(* Let $\mathcal{G}=(\mathcal{V},\mathcal{E},w)$ be a simple connected weighted graph with at least two vertices, $s\in\mathcal{V}$, $\beta\in(0,1)$. Let $\dot{\mathcal{V}}\subsetneq\mathcal{V}$ be a subset with $s\in\dot{\mathcal{V}}$ that contains every neighbour of $s$ and induces a connected subgraph. Let $T^\infty=\beta D^\infty+D^{-1}L$ where $D^\infty$ is diagonal with $D^\infty_{vv}=d(v)$ for $v\in\dot{\mathcal{V}}$ and $D^\infty_{vv}=0$ otherwise, and let $x$ solve $T^\infty x=\beta r$ with $r$ the indicator vector of $s$. Then every vertex at which $x$ attains its maximum equals $s$, and $x(s)<1/d(s)$.
   Context: $d(v)=\sum_{u\sim v}w(u,v)$ is the weighted degree, $D=\operatorname{diag}(d(v))$, $A$ the weighted adjacency matrix, $L=D-A$. $r(s)=1$, $r(v)=0$ for $v\ne s$. *)

theory Defs
  imports Complex_Main
begin

definition weighted_graph :: "'a set \<Rightarrow> ('a \<Rightarrow> 'a \<Rightarrow> real) \<Rightarrow> bool" where
  "weighted_graph V w \<longleftrightarrow> finite V \<and>
     (\<forall>u v. w u v = w v u) \<and> (\<forall>u v. w u v \<ge> 0) \<and> (\<forall>v. w v v = 0) \<and>
     (\<forall>u v. w u v \<noteq> 0 \<longrightarrow> u \<in> V \<and> v \<in> V)"

definition adj :: "('a \<Rightarrow> 'a \<Rightarrow> real) \<Rightarrow> 'a \<Rightarrow> 'a \<Rightarrow> bool" where
  "adj w u v \<longleftrightarrow> w u v > 0"

definition connected_on :: "('a \<Rightarrow> 'a \<Rightarrow> real) \<Rightarrow> 'a set \<Rightarrow> bool" where
  "connected_on w S \<longleftrightarrow>
     (\<forall>u\<in>S. \<forall>v\<in>S. (\<lambda>a b. a \<in> S \<and> b \<in> S \<and> adj w a b)\<^sup>*\<^sup>* u v)"

definition wdeg :: "'a set \<Rightarrow> ('a \<Rightarrow> 'a \<Rightarrow> real) \<Rightarrow> 'a \<Rightarrow> real" where
  "wdeg V w v = (\<Sum>u\<in>V. w u v)"

definition lap_apply :: "'a set \<Rightarrow> ('a \<Rightarrow> 'a \<Rightarrow> real) \<Rightarrow> ('a \<Rightarrow> real) \<Rightarrow> 'a \<Rightarrow> real" where
  "lap_apply V w x v = wdeg V w v * x v - (\<Sum>u\<in>V. w v u * x u)"

definition Tinf_apply :: "'a set \<Rightarrow> ('a \<Rightarrow> 'a \<Rightarrow> real) \<Rightarrow> real \<Rightarrow> 'a set \<Rightarrow> ('a \<Rightarrow> real) \<Rightarrow> 'a \<Rightarrow> real" where
  "Tinf_apply V w \<beta> Vd x v =
     \<beta> * (if v \<in> Vd then wdeg V w v else 0) * x v + lap_apply V w x v / wdeg V w v"

definition indicator_vec :: "'a \<Rightarrow> 'a \<Rightarrow> real" where
  "indicator_vec s v = (if v = s then 1 else 0)"

end

theory Submission
  imports Defs
begin

text \<open>Multiplying the equation at v by d(v) gives
  \<open>\<beta> d(v)\<^sup>2 x(v) + (Lx)(v) = \<beta> d(s) [v = s]\<close> on \<open>Vd\<close> and \<open>(Lx)(v) = 0\<close> off \<open>Vd\<close>. By the
  discrete maximum principle a maximum (or minimum) of x attained outside \<open>Vd\<close> spreads along
  a path towards s, and since all neighbours of s lie in \<open>Vd\<close> it reaches a vertex of
  \<open>Vd - {s}\<close>. At a minimiser in \<open>Vd\<close> the equation forces \<open>x \<ge> 0\<close>; at a maximiser in
  \<open>Vd - {s}\<close> it forces \<open>x \<le> 0\<close>, hence \<open>x = 0\<close>, contradicting the equation at s. So s is the
  unique maximiser, the Laplacian is positive there, and \<open>\<beta> d(s)\<^sup>2 x(s) < \<beta> d(s)\<close>.\<close>

locale connected_weighted_graph =
  fixes V :: "'a set" and w :: "'a \<Rightarrow> 'a \<Rightarrow> real"
  assumes graph: "weighted_graph V w"
    and conn: "connected_on w V"
    and two_vertices: "card V \<ge> 2"
begin

lemma finite_V: "finite V"
  and w_sym: "w u v = w v u"
  and w_nonneg: "w u v \<ge> 0"
  and w_diag: "w v v = 0"
  and w_support: "w u v \<noteq> 0 \<Longrightarrow> u \<in> V \<and> v \<in> V"
  using graph unfolding weighted_graph_def by auto

lemma adj_in_V: "adj w u v \<Longrightarrow> u \<in> V \<and> v \<in> V"
  using w_support[of u v] by (simp add: adj_def)

lemma adj_sym: "adj w u v \<longleftrightarrow> adj w v u"
  by (simp add: adj_def w_sym)

lemma walk: "u \<in> V \<Longrightarrow> v \<in> V \<Longrightarrow> (\<lambda>a b. a \<in> V \<and> b \<in> V \<and> adj w a b)\<^sup>*\<^sup>* u v"
  using conn unfolding connected_on_def by simp

lemma ex_maximiser:
  fixes x :: "'a \<Rightarrow> 'b::linorder"
  shows "\<exists>v\<in>V. \<forall>u\<in>V. x u \<le> x v"
proof -
  have "V \<noteq> {}" using two_vertices by auto
  then have "Max (x ` V) \<in> x ` V" using finite_V by (intro Max_in) auto
  then obtain v where "v \<in> V" "Max (x ` V) = x v" by auto
  moreover have "x u \<le> Max (x ` V)" if "u \<in> V" for u
    using finite_V that by (intro Max_ge) auto
  ultimately show ?thesis by auto
qed

lemma ex_neighbour: assumes "v \<in> V" obtains u where "adj w v u"
proof -
  have "\<not> card V \<le> Suc 0" using two_vertices by simp
  then obtain u where "u \<in> V" "u \<noteq> v"
    using card_le_Suc0_iff_eq[OF finite_V] by blast
  with walk[OF \<open>v \<in> V\<close>] show ?thesis
    using that by (auto elim: converse_rtranclpE)
qed

lemma wdeg_pos: assumes "v \<in> V" shows "wdeg V w v > 0"
proof -
  obtain u where "adj w v u" using ex_neighbour assms .
  then have "0 < w u v" "u \<in> V" using adj_in_V by (auto simp: adj_def w_sym)
  moreover have "w u v \<le> wdeg V w v"
    unfolding wdeg_def using \<open>u \<in> V\<close> by (intro member_le_sum finite_V w_nonneg)
  ultimately show ?thesis by linarith
qed

lemma lap_apply_eq_sum: "lap_apply V w x v = (\<Sum>u\<in>V. w v u * (x v - x u))"
  by (simp add: lap_apply_def wdeg_def w_sym[of _ v] sum_distrib_right
      right_diff_distrib sum_subtractf)

lemma lap_apply_uminus: "lap_apply V w (\<lambda>u. - x u) v = - lap_apply V w x v"
  by (simp add: lap_apply_eq_sum sum_negf[symmetric] algebra_simps)

lemma lap_apply_nonneg_at_max:
  "\<forall>u\<in>V. x u \<le> x v \<Longrightarrow> 0 \<le> lap_apply V w x v"
  unfolding lap_apply_eq_sum by (intro sum_nonneg) (simp add: w_nonneg)

lemma lap_apply_zero_at_max:
  assumes max: "\<forall>u\<in>V. x u \<le> x v" and zero: "lap_apply V w x v = 0" and "adj w v u"
  shows "x u = x v"
proof -
  have "\<forall>u\<in>V. w v u * (x v - x u) = 0"
    using zero max unfolding lap_apply_eq_sum
    by (subst (asm) sum_nonneg_eq_0_iff[OF finite_V]) (auto simp: w_nonneg)
  moreover have "u \<in> V" "w v u > 0" using \<open>adj w v u\<close> adj_in_V by (auto simp: adj_def)
  ultimately show ?thesis by auto
qed

lemma max_reaches_Vd:
  assumes harmonic: "\<forall>v\<in>V - Vd. lap_apply V w x v = 0"
    and "s \<in> V" "s \<in> Vd" and nbrs: "\<forall>u. adj w s u \<longrightarrow> u \<in> Vd"
    and "v \<in> V - Vd" and "\<forall>u\<in>V. x u \<le> x v"
  shows "\<exists>b\<in>Vd - {s}. \<forall>u\<in>V. x u \<le> x b"
proof -
  have "(\<lambda>a b. a \<in> V \<and> b \<in> V \<and> adj w a b)\<^sup>*\<^sup>* v s"
    using walk assms(2,5) by blast
  then show ?thesis using assms(5,6)
  proof (induction rule: converse_rtranclp_induct)
    case base
    then show ?case using \<open>s \<in> Vd\<close> by simp
  next
    case (step a b)
    then have "b \<in> V" "adj w a b" by simp_all
    moreover have "x b = x a"
      using lap_apply_zero_at_max step.prems harmonic \<open>adj w a b\<close> by blast
    ultimately have b_max: "\<forall>u\<in>V. x u \<le> x b" using step.prems by simp
    show ?case
    proof (cases "b \<in> Vd")
      case True
      have "b \<noteq> s" using step.prems \<open>adj w a b\<close> nbrs adj_sym by blast
      with True b_max show ?thesis by blast
    qed (use step.IH \<open>b \<in> V\<close> b_max in blast)
  qed
qed

lemma min_reaches_Vd:
  assumes harmonic: "\<forall>v\<in>V - Vd. lap_apply V w x v = 0"
    and "s \<in> V" "s \<in> Vd" and nbrs: "\<forall>u. adj w s u \<longrightarrow> u \<in> Vd"
    and "v \<in> V - Vd" and "\<forall>u\<in>V. x v \<le> x u"
  shows "\<exists>b\<in>Vd - {s}. \<forall>u\<in>V. x b \<le> x u"
  using max_reaches_Vd[of Vd "\<lambda>u. - x u"] assms by (simp add: lap_apply_uminus)

end

locale Tinf_solution = connected_weighted_graph +
  fixes Vd :: "'a set" and s :: 'a and \<beta> :: real and x :: "'a \<Rightarrow> real"
  assumes Vd_sub: "Vd \<subseteq> V"
    and s_Vd: "s \<in> Vd"
    and nbrs: "\<forall>u. adj w s u \<longrightarrow> u \<in> Vd"
    and beta_pos: "0 < \<beta>"
    and sol: "\<forall>v\<in>V. Tinf_apply V w \<beta> Vd x v = \<beta> * indicator_vec s v"
begin

abbreviation d where "d \<equiv> wdeg V w"
abbreviation L where "L \<equiv> lap_apply V w x"

lemma s_in_V: "s \<in> V"
  using s_Vd Vd_sub by blast

lemma sol_scaled:
  assumes "v \<in> V"
  shows "\<beta> * (if v \<in> Vd then d v else 0) * x v * d v + L v = \<beta> * indicator_vec s v * d v"
proof -
  have "(\<beta> * (if v \<in> Vd then d v else 0) * x v + L v / d v) * d v
      = \<beta> * indicator_vec s v * d v"
    using sol assms unfolding Tinf_apply_def by simp
  then show ?thesis using wdeg_pos[OF assms] by (simp add: distrib_right)
qed

lemma harmonic_outside: "\<forall>v\<in>V - Vd. L v = 0"
  using sol_scaled s_Vd by (force simp: indicator_vec_def)

lemma sol_in_Vd:
  assumes "v \<in> Vd"
  shows "\<beta> * d v ^ 2 * x v + L v = (if v = s then \<beta> * d v else 0)"
proof -
  have sq: "\<beta> * d v ^ 2 * x v = \<beta> * d v * x v * d v" by algebra
  have "\<beta> * d v * x v * d v + L v = \<beta> * indicator_vec s v * d v"
    using sol_scaled assms Vd_sub by fastforce
  then show ?thesis unfolding sq by (cases "v = s") (simp_all add: indicator_vec_def)
qed

lemma coeff_pos: assumes "v \<in> Vd" shows "0 < \<beta> * d v ^ 2"
proof -
  have "0 < d v" using wdeg_pos assms Vd_sub by blast
  then show ?thesis using beta_pos by simp
qed

lemma solution_nonneg: assumes "v \<in> V" shows "0 \<le> x v"
proof -
  obtain m where "m \<in> V" and m_min: "\<forall>u\<in>V. x m \<le> x u"
    using ex_maximiser[of "\<lambda>u. - x u"] by auto
  have "\<exists>m'\<in>Vd. \<forall>u\<in>V. x m' \<le> x u"
  proof (cases "m \<in> Vd")
    case False
    with \<open>m \<in> V\<close> have "m \<in> V - Vd" by simp
    from min_reaches_Vd[OF harmonic_outside s_in_V s_Vd nbrs this m_min] show ?thesis by blast
  qed (use m_min in blast)
  then obtain m' where "m' \<in> Vd" and m'_min: "\<forall>u\<in>V. x m' \<le> x u" by blast
  have "L m' \<le> 0"
    using lap_apply_nonneg_at_max[of "\<lambda>u. - x u"] m'_min by (simp add: lap_apply_uminus)
  moreover have "0 \<le> (if m' = s then \<beta> * d m' else 0)"
    using beta_pos wdeg_pos[OF s_in_V] by simp
  ultimately have "0 \<le> \<beta> * d m' ^ 2 * x m'" using sol_in_Vd[OF \<open>m' \<in> Vd\<close>] by linarith
  then have "0 \<le> x m'" using mult_le_cancel_left_pos[OF coeff_pos[OF \<open>m' \<in> Vd\<close>], of 0] by simp
  moreover have "x m' \<le> x v" using m'_min assms by blast
  ultimately show ?thesis by linarith
qed

lemma no_max_in_Vd:
  assumes "v \<in> Vd - {s}" shows "\<not> (\<forall>u\<in>V. x u \<le> x v)"
proof
  assume v_max: "\<forall>u\<in>V. x u \<le> x v"
  have "\<beta> * d v ^ 2 * x v + L v = 0" using sol_in_Vd[of v] assms by simp
  then have "\<beta> * d v ^ 2 * x v = - L v" by linarith
  also have "\<dots> \<le> 0" using lap_apply_nonneg_at_max[OF v_max] by simp
  finally have "x v \<le> 0" using mult_le_cancel_left_pos[OF coeff_pos, of v _ 0] assms by simp
  then have zero: "\<forall>u\<in>V. x u = 0" using v_max solution_nonneg by (meson order.antisym order.trans)
  then have "L s = 0" using s_in_V by (simp add: lap_apply_eq_sum)
  then have "\<beta> * d s = 0" using sol_in_Vd[OF s_Vd] zero s_in_V by simp
  then show False using beta_pos wdeg_pos[OF s_in_V] by simp
qed

lemma max_only_at_s: "v \<in> V \<Longrightarrow> \<forall>u\<in>V. x u \<le> x v \<Longrightarrow> v = s"
  using no_max_in_Vd max_reaches_Vd[OF harmonic_outside s_in_V s_Vd nbrs] by blast

lemma max_at_s: "\<forall>u\<in>V. x u \<le> x s"
  using ex_maximiser max_only_at_s by blast

lemma lap_pos_at_s: "0 < L s"
proof -
  obtain u where "adj w s u" using ex_neighbour s_in_V .
  have "L s \<noteq> 0"
  proof
    assume "L s = 0"
    then have "x u = x s" using lap_apply_zero_at_max[OF max_at_s] \<open>adj w s u\<close> by blast
    then have "u = s" using max_only_at_s max_at_s adj_in_V \<open>adj w s u\<close> by simp
    then show False using \<open>adj w s u\<close> w_diag by (simp add: adj_def)
  qed
  then show ?thesis using lap_apply_nonneg_at_max[OF max_at_s] by simp
qed

lemma value_at_s_bound: "x s < 1 / d s"
proof -
  have ds: "0 < d s" using wdeg_pos s_in_V by blast
  have "\<beta> * d s * (d s * x s) < \<beta> * d s * 1"
    using sol_in_Vd[OF s_Vd] lap_pos_at_s by (simp add: power2_eq_square algebra_simps)
  then have "d s * x s < 1" using beta_pos ds by simp
  then show ?thesis using ds by (simp add: field_simps)
qed

end

theorem mainTheorem9:
  fixes V :: "'a set" and w :: "'a \<Rightarrow> 'a \<Rightarrow> real" and s :: 'a and \<beta> :: real
    and Vd :: "'a set" and x :: "'a \<Rightarrow> real"
  assumes graph: "weighted_graph V w"
    and conn: "connected_on w V"
    and two: "card V \<ge> 2"
    and sV: "s \<in> V"
    and beta: "0 < \<beta>" "\<beta> < 1"
    and Vd_sub: "Vd \<subset> V"
    and s_Vd: "s \<in> Vd"
    and nbrs: "\<forall>u. adj w s u \<longrightarrow> u \<in> Vd"
    and Vd_conn: "connected_on w Vd"
    and sol: "\<forall>v\<in>V. Tinf_apply V w \<beta> Vd x v = \<beta> * indicator_vec s v"
  shows "(\<forall>v\<in>V. (\<forall>u\<in>V. x u \<le> x v) \<longrightarrow> v = s) \<and> x s < 1 / wdeg V w s"
proof -
  interpret Tinf_solution V w Vd s \<beta> x
    using graph conn two Vd_sub s_Vd nbrs beta(1) sol by unfold_locales auto
  show ?thesis using max_only_at_s value_at_s_bound by blast
qed

end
+++++
TASK
Whenever a line in the material above holds the string "else", copy that line in full.

OUTPUT BELOW
     \<beta> * (if v \<in> Vd then wdeg V w v else 0) * x v + lap_apply V w x v / wdeg V w v"
  "indicator_vec s v = (if v = s then 1 else 0)"
  shows "\<beta> * (if v \<in> Vd then d v else 0) * x v * d v + L v = \<beta> * indicator_vec s v * d v"
  have "(\<beta> * (if v \<in> Vd then d v else 0) * x v + L v / d v) * d v
  shows "\<beta> * d v ^ 2 * x v + L v = (if v = s then \<beta> * d v else 0)"
  moreover have "0 \<le> (if m' = s then \<beta> * d m' else 0)"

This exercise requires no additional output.